Mara Keisling, executive director of the National Center for Transgender Equality. | NATIONAL CENTER FOR TRANSGENDER EQUALITY

Mara Keisling, executive director of the National Center for Transgender Equality. | NATIONAL CENTER FOR TRANSGENDER EQUALITY

BY DUNCAN OSBORNE | While not walking back comments she made in a Buzzfeed article about controversial LGBT rights legislation in Pennsylvania, the head of the National Center for Transgender Equality (NCTE) is revising and extending her remarks after the article sparked criticism and heated comments on social media.

The story concerned a measure that would have added sexual orientation and gender identity to a 1955 state law that barred other kinds of discrimination and included a number of protected classes, but not LGBT people. In June, the legislation, which barred only housing and employment discrimination, and not discrimination in public accommodations, passed a State Senate committee, but ultimately failed.

In recent years, right-wing small business owners have asserted that their religious practice is harmed when they have to serve LGBT people, particularly gay and lesbian couples seeking to marry. Right-wing groups have said that allowing transgender people to use bathrooms, locker rooms, and other public accommodations that are consistent with their gender is a threat to others using those facilities.

Excluding public accommodations is seen by some as a way to enact some protections for LGBT people while not engaging on these more contentious issues.

NCTE, along with the Log Cabin Republicans, Equality Pennsylvania, the American Unity Fund, Freedom for All Americans, the Transgender People of Color Coalition, and Gill Action, an affiliate of the Gill Foundation, a major funder of LGBT causes, supported the legislation. Leading national groups, notably the American Civil Liberties Union, opposed the compromise of excluding public accommodations from the Pennsylvania law.

Buzzfeed cast the Pennsylvania debate in broader terms.
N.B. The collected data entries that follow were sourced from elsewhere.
(* Define, for $u>1$, $$D(u)=L(u)\int_0^1\frac{\ell(u,v)}{(u^2-v^2)^2}\,dv.$$ Then as $y\to\infty$, $$\int_1^\infty D(u)\cos(uy)\,du=O\Big(\frac{(\log y)^2}{y}\Big),\qquad\int_1^\infty uD(u)\sin(uy)\,du=O\Big(\frac{(\log y)^2}{y}\Big).$$
   Context: For $u>1$ let $L(u)=\log\frac{u+1}{u-1}$, and for $u\ge1$, $0<v\le1$ let $\ell(u,v)=\log\frac{1}{uv}$. *)

theory Defs
  imports "HOL-Analysis.Analysis" "HOL-Library.Landau_Symbols"
begin

definition L :: "real \<Rightarrow> real" where
  "L u = ln ((u + 1) / (u - 1))"

definition ell :: "real \<Rightarrow> real \<Rightarrow> real" where
  "ell u v = ln (1 / (u * v))"

definition D :: "real \<Rightarrow> real" where
  "D u = L u * integral {0..1} (\<lambda>v. ell u v / (u\<^sup>2 - v\<^sup>2)\<^sup>2)"

end

theory Submission
  imports Defs "HOL-Real_Asymp.Real_Asymp"
begin

(* Evaluating the v-integral gives D = L B - L q / (2 u^2) - L^2 ln u / (4 u^3) with
   B(u) = int_0^1 -ln v / (u^2 - v^2)^2 dv and q(u) = ln u / (u^2 - 1), and similarly for u D(u).
   Each term is b(u) g(u) with b >= 0 decreasing, b <= L^2, and g bounded by M and K-Lipschitz.
   Shifting u by half a period h = pi / y flips the sign of cos (u y) and sin (u y), so twice the
   integral of b g tau(u y) is the integral of (b g (u) - b g (u + h)) tau(u y) plus a boundary
   layer of length h; this is at most 2 M int_1^(1+h) b + K h int_1^oo b.  Near u = 1 we have
   L(u) <= 2 - ln (u - 1), so the window integral is O(h (log h)^2), i.e. O((log y)^2 / y). *)

lemma has_integral_shift_UNIV:
  fixes f :: "real \<Rightarrow> real"
  assumes "(f has_integral i) UNIV"
  shows "((\<lambda>x. f (x + c)) has_integral i) UNIV"
  unfolding has_integral_alt'[of _ i UNIV]
proof (intro conjI allI impI)
  have shift: "(\<lambda>x. f (x + c)) = f \<circ> (+) c" by (auto simp: add.commute)
  fix a b :: real
  show "(\<lambda>x. if x \<in> UNIV then f (x + c) else 0) integrable_on cbox a b"
    using assms integrable_on_shift_Icc_real[of f c a b]
    by (simp add: shift has_integral_alt'[of _ i UNIV])
next
  fix e :: real assume "e > 0"
  then obtain R where "R > 0" and R: "\<And>a b. ball 0 R \<subseteq> cbox a b \<Longrightarrow> norm (integral (cbox a b) f - i) < e"
    using assms unfolding has_integral_alt'[of f i UNIV] by auto
  show "\<exists>B>0. \<forall>a b. ball 0 B \<subseteq> cbox a b \<longrightarrow>
          norm (integral (cbox a b) (\<lambda>x. if x \<in> UNIV then f (x + c) else 0) - i) < e"
  proof (intro exI[of _ "R + \<bar>c\<bar>"] conjI allI impI)
    fix a b :: real assume sub: "ball 0 (R + \<bar>c\<bar>) \<subseteq> cbox a b"
    have "ball 0 R \<subseteq> cbox (a + c) (b + c)"
    proof
      fix x :: real assume "x \<in> ball 0 R"
      then have "x - c \<in> ball 0 (R + \<bar>c\<bar>)" by (auto simp: dist_real_def)
      then have "x - c \<in> cbox a b" using sub by blast
      then show "x \<in> cbox (a + c) (b + c)" by auto
    qed
    moreover have "integral (cbox a b) (\<lambda>x. f (x + c)) = integral (cbox (a + c) (b + c)) f"
      using integral_shift_Icc_real[of a b f c] by (simp add: add.commute comp_def)
    ultimately show "norm (integral (cbox a b) (\<lambda>x. if x \<in> UNIV then f (x + c) else 0) - i) < e"
      using R by simp
  qed (use \<open>R > 0\<close> in simp)
qed

lemma fundamental_theorem_of_calculus_at_right:
  fixes F f :: "real \<Rightarrow> real"
  assumes "a < b"
    and deriv: "\<And>x. a < x \<Longrightarrow> x \<le> b \<Longrightarrow> (F has_real_derivative f x) (at x)"
    and lim: "(F \<longlongrightarrow> F a) (at_right a)"
  shows "(f has_integral (F b - F a)) {a..b}"
proof (rule fundamental_theorem_of_calculus_interior)
  show "continuous_on {a..b} F"
    unfolding continuous_on_def
  proof
    fix x assume x: "x \<in> {a..b}"
    show "(F \<longlongrightarrow> F x) (at x within {a..b})"
    proof (cases "x = a")
      case True
      then show ?thesis using lim at_within_Icc_at_right[OF \<open>a < b\<close>] by simp
    next
      case False
      then have "isCont F x" using x deriv DERIV_isCont by force
      then show ?thesis by (metis at_le isCont_def subset_UNIV tendsto_mono)
    qed
  qed
  show "\<And>x. x \<in> {a<..<b} \<Longrightarrow> (F has_vector_derivative f x) (at x)"
    using deriv by (auto simp: has_real_derivative_iff_has_vector_derivative[symmetric])
qed (use \<open>a < b\<close> in simp)

lemma has_integral_Ioc_iff_Icc:
  fixes f :: "real \<Rightarrow> real"
  shows "(f has_integral I) {a<..b} \<longleftrightarrow> (f has_integral I) {a..b}"
  by (rule has_integral_spike_set_eq) (auto intro: negligible_subset[of "{a}"])

lemma absolutely_integrable_mult_bounded_continuous:
  fixes b f :: "real \<Rightarrow> real"
  assumes "b absolutely_integrable_on S" "S \<in> sets lebesgue"
    and "continuous_on S f" "\<And>u. u \<in> S \<Longrightarrow> \<bar>f u\<bar> \<le> M"
  shows "(\<lambda>u. b u * f u) absolutely_integrable_on S"
proof -
  have "f \<in> borel_measurable (lebesgue_on S)"
    using assms(3,2) by (rule continuous_imp_measurable_on_sets_lebesgue)
  moreover have "bounded (f ` S)"
    using assms(4) unfolding bounded_real by blast
  ultimately have "(\<lambda>u. f u * b u) absolutely_integrable_on S"
    using assms(1,2) by (intro absolutely_integrable_bounded_measurable_product_real)
  then show ?thesis by (simp add: mult.commute)
qed

lemma borel_measurable_antimono_on:
  fixes b :: "real \<Rightarrow> real"
  assumes "antimono_on S b"
  shows "b \<in> borel_measurable (lebesgue_on S)"
proof -
  have "mono_on S (\<lambda>u. - b u)"
    using assms by (auto simp: monotone_on_def)
  then have "(\<lambda>u. - b u) \<in> borel_measurable (restrict_space borel S)"
    by (rule borel_measurable_mono_on_fnc)
  moreover have "space lborel = space lebesgue" "sets borel \<subseteq> sets lebesgue"
    by force+
  ultimately have "(\<lambda>u. - b u) \<in> borel_measurable (lebesgue_on S)"
    by (metis borel_measurable_subalgebra mono_restrict_space space_lborel space_restrict_space)
  then show ?thesis using borel_measurable_uminus by fastforce
qed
The article referred to an August 1 conference call among “two dozen of the country’s top LGBT activists” during which they sought to resolve a disagreement over whether anti-discrimination legislation that excludes public accommodations is acceptable, with some arguing that it “could emerge as a model for other swing states where they’ve hit barricades.” Ohio, Florida, and Arizona were three states that could employ such a compromise, the article said.

“We have explicitly said over and over again that this is not a model for other states,” Mara Keisling, NCTE’s executive director, told Gay City News after the Buzzfeed story was published on October 25. “Our position here at NCTE is, of course, we should try to get everything, but we have to be practical.”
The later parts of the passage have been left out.